Top of EXTRACTED ENTRIES

lemma fwd_reachable_iff_path: "fwd_reachable Q \<longleftrightarrow> (\<exists>S r. standard S \<and> path S r Q)"
proof
  show "fwd_reachable Q \<Longrightarrow> \<exists>S r. standard S \<and> path S r Q"
  proof (induction rule: fwd_reachable.induct)
    case (step P th Q)
    then show ?case using path_snoc[of _ _ P "(P, th, True, Q)"] by fastforce
  qed (auto intro: path.path_nil)
qed (auto dest: fwd_reachable_path intro: fwd_reachable.standard)

lemma sim_fwd_square:
  assumes "fwd A w P" "fwd P th Q" "fwd A th S" "fwd S w Q" "indep th w"
  shows "sim (P, th, True, Q) (A, th, True, S)"
proof (rule sim_diamond[OF refl refl refl refl])
  have "path P [(P, w, False, A)] A" using path_single[of "(P, w, False, A)"] assms(1) by simp
  then show "tindep (P, th, True, Q) (P, w, False, A)"
    using assms(5) unfolding tindep_def connected_def by auto
qed (use assms in simp_all)

text \<open>Induction on the number of actions outside the causal past of the key: the last of them
  commutes with the transition, and the resulting square is a diamond.\<close>

lemma sim_proj_down_set:
  assumes "fwd_reachable P" and "fwd P th Q"
  shows "sim (P, th, True, Q) (proj_keys (down_set (pkey th) Q) P, th, True,
                                proj_keys (down_set (pkey th) Q) Q)"
  using assms
proof (induction "card (keys P - down_set (pkey th) Q)" arbitrary: P Q rule: less_induct)
  case less
  let ?K = "down_set (pkey th) Q"
  have dcP: "down_closed ?K (ord P)"
    using down_closed_antimono[OF down_closed_down_set ord_fwd_mono[OF less.prems(2)]] .
  show ?case
  proof (cases "keys P \<subseteq> ?K")
    case True
    then show ?thesis
      using less.prems(2) by (simp add: proj_keys_id keys_fwd sim_refl)
  next
    case False
    then obtain A w where A: "fwd_reachable A" "fwd A w P" "pkey w \<notin> ?K"
      using fwd_reachable_last_step_outside[OF less.prems(1) dcP] by blast
    then have "(pkey w, pkey th) \<notin> ord Q" by (auto simp: down_set_def)
    then obtain S where S: "fwd A th S" "fwd S w Q" "indep th w"
      using fwd_swap[OF less.prems(2) A(2)] by blast
    have w_th: "pkey th \<noteq> pkey w" using A(3) by auto
    have K: "down_set (pkey th) S = ?K" using down_set_fwd[OF S(2) w_th] by simp
    have "keys P - ?K = insert (pkey w) (keys A - ?K)"
      using keys_fwd[OF A(2)] A(3) by auto
    then have "card (keys A - ?K) < card (keys P - ?K)"
      using fwd_pkey_notin_keys[OF A(2)] finite_keys[of A] by simp
    then have "sim (A, th, True, S) (proj_keys ?K A, th, True, proj_keys ?K S)"
      using less.hyps[OF _ A(1) S(1)] K by simp
    moreover have "proj_keys ?K A = proj_keys ?K P"
      using fwd_proj_keys(2)[OF A(2) dcP] A(3) by simp
    moreover have "proj_keys ?K S = proj_keys ?K Q"
      using fwd_proj_keys(2)[OF S(2) down_closed_down_set] fwd_pkey_notin_down_set[OF S(2) w_th]
      by simp
    ultimately show ?thesis
      using sim_trans[OF sim_fwd_square[OF A(2) less.prems(2) S]] by simp
  qed
qed

lemma sim_is_trans: "sim t t' \<Longrightarrow> is_trans t \<and> is_trans t'"
  by (induction rule: sim.induct) auto

lemma sim_fwd_reachable: "sim t t' \<Longrightarrow> fwd_reachable (src t) \<longleftrightarrow> fwd_reachable (src t')"
proof (induction rule: sim.induct)
  case (sim_diamond t P tht dt Q u thu du R u' S t')
  then show ?case using fwd_reachable_trans[of u] by simp
qed auto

Bottom of EXTRACTED ENTRIES

EXERCISE DESCRIPTION:
Return, unchanged, the run of lines above that opens with the line containing "S = proj_keys" and closes with the line containing "by (induction rule: sim.induct) auto". Include both.

ANSWER SPACE:
    moreover have "proj_keys ?K S = proj_keys ?K Q"
      using fwd_proj_keys(2)[OF S(2) down_closed_down_set] fwd_pkey_notin_down_set[OF S(2) w_th]
      by simp
    ultimately show ?thesis
      using sim_trans[OF sim_fwd_square[OF A(2) less.prems(2) S]] by simp
  qed
qed

lemma sim_is_trans: "sim t t' \<Longrightarrow> is_trans t \<and> is_trans t'"
  by (induction rule: sim.induct) auto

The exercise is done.